RECORDS SHOWN

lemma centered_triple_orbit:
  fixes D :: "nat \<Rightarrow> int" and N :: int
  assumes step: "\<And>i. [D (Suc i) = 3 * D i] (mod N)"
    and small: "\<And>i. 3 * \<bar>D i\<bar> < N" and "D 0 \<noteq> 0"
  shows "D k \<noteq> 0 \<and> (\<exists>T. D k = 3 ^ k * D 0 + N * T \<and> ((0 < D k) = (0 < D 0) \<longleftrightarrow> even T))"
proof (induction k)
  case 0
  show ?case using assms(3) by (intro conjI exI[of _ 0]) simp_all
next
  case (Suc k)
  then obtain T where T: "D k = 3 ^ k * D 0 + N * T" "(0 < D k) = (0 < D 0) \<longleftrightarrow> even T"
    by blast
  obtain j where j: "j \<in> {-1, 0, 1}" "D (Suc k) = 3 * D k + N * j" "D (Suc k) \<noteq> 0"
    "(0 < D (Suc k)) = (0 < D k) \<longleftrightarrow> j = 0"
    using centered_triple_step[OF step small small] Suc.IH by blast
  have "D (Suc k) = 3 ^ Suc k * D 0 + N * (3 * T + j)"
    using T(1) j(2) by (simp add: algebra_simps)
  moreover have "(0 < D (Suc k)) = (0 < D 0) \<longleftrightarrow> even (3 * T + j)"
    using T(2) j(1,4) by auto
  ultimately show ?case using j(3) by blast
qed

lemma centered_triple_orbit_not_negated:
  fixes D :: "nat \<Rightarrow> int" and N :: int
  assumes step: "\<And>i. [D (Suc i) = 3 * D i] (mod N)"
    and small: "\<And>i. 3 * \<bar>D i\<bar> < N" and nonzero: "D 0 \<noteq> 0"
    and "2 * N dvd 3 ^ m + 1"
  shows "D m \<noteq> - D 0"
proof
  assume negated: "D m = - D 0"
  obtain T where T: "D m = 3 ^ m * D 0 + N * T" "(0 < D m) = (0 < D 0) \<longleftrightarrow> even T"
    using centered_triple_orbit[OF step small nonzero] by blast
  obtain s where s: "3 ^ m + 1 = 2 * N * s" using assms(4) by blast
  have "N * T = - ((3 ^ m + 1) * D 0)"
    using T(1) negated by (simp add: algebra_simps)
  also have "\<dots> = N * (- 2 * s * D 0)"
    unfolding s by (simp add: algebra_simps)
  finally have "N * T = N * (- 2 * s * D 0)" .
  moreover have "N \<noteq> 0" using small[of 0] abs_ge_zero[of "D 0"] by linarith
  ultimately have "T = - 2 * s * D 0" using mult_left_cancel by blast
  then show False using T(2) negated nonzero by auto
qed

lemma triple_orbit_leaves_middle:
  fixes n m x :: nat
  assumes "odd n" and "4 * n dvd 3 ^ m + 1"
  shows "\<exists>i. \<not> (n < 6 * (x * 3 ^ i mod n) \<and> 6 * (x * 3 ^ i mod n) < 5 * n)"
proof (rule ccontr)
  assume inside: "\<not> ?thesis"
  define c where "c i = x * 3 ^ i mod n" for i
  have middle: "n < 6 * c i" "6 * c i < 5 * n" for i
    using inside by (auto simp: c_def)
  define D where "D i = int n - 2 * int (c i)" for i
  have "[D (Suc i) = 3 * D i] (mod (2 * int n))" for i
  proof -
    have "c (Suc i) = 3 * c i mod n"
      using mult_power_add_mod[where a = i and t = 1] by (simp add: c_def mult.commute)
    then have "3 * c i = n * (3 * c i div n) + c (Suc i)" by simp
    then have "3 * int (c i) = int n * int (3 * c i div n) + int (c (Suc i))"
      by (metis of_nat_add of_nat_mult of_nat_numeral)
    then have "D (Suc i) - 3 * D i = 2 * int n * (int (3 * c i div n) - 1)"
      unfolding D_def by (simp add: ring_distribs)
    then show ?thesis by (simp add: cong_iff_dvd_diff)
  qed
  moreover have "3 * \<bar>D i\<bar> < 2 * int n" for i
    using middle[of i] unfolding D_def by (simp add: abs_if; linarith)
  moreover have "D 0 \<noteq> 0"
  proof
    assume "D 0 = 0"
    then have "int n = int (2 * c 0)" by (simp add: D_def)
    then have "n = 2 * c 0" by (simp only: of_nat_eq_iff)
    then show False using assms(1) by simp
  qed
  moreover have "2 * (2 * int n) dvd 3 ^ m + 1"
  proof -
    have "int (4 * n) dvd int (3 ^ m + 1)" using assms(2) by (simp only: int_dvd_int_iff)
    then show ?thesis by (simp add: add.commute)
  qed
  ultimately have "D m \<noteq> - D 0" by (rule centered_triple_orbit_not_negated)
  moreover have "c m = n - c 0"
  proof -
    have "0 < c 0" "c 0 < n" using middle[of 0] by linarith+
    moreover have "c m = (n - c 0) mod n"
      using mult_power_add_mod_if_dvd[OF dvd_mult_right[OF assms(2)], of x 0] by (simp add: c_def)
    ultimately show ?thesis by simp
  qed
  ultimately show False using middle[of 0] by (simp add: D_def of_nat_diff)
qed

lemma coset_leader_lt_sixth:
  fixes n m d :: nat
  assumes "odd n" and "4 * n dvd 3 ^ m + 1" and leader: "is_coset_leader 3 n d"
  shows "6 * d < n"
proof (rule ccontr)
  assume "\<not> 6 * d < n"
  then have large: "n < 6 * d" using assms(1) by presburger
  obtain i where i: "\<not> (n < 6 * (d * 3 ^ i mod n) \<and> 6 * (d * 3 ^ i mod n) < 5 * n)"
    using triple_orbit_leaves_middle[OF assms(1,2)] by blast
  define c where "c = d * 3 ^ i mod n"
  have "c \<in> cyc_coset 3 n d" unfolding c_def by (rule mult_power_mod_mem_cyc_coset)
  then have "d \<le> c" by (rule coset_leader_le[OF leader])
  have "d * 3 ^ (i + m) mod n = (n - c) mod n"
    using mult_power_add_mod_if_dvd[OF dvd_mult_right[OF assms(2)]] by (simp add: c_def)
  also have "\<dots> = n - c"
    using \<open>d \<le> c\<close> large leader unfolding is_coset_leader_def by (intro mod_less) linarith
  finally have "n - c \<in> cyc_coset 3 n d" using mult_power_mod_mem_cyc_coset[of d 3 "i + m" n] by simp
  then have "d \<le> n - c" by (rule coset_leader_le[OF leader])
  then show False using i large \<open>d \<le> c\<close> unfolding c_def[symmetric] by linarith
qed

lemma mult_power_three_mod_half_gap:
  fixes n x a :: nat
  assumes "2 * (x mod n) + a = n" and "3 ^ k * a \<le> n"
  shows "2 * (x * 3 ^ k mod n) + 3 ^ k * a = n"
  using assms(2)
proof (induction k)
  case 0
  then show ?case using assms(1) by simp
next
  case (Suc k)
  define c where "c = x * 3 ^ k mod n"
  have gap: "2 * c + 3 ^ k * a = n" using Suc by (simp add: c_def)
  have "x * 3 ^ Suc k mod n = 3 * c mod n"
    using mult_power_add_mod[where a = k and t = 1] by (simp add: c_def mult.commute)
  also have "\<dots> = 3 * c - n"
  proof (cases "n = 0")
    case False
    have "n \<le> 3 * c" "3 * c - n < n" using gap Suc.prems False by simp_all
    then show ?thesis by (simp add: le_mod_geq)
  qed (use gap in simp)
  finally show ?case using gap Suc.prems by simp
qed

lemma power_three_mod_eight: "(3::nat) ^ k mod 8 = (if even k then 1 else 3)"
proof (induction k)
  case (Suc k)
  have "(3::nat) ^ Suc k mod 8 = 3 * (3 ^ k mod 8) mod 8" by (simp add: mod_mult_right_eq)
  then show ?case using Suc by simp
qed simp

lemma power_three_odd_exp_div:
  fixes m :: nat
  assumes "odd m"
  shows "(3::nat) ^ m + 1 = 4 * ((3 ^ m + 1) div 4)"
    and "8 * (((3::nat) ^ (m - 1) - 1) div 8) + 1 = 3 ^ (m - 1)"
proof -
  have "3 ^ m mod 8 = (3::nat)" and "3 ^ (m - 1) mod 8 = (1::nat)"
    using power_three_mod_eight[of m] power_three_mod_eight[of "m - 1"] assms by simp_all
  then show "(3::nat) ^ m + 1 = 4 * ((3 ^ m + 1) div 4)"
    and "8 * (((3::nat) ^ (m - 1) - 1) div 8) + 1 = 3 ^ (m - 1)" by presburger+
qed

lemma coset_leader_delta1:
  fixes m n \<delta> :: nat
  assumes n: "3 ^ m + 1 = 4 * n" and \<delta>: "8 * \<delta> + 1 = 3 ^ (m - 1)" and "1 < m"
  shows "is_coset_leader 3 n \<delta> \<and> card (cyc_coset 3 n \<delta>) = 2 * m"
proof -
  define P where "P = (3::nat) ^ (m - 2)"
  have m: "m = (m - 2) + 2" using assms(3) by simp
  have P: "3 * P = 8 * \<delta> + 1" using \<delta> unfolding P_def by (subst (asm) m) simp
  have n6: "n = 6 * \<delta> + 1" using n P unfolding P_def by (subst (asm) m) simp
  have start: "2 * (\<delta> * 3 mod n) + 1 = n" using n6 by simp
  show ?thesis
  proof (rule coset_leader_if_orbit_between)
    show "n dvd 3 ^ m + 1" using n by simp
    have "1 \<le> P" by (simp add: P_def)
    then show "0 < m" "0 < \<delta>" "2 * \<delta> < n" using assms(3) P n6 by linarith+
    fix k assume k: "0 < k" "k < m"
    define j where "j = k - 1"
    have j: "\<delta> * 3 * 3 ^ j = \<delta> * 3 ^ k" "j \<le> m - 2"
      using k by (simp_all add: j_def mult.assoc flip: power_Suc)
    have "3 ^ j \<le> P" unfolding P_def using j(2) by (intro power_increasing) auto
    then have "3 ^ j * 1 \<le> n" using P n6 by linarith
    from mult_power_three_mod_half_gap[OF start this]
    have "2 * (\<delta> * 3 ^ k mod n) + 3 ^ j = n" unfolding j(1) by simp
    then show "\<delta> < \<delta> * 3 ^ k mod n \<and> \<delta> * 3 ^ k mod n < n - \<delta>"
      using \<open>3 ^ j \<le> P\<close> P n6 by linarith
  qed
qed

EXERCISE GOAL
Where the line holding "using mult_power_add_mod[where a = k" appears in the listing above, start reproducing exactly, and end with the line holding "qed (use gap in simp)".

OUTPUT BELOW
    using mult_power_add_mod[where a = k and t = 1] by (simp add: c_def mult.commute)
  also have "\<dots> = 3 * c - n"
  proof (cases "n = 0")
    case False
    have "n \<le> 3 * c" "3 * c - n < n" using gap Suc.prems False by simp_all
    then show ?thesis by (simp add: le_mod_geq)
  qed (use gap in simp)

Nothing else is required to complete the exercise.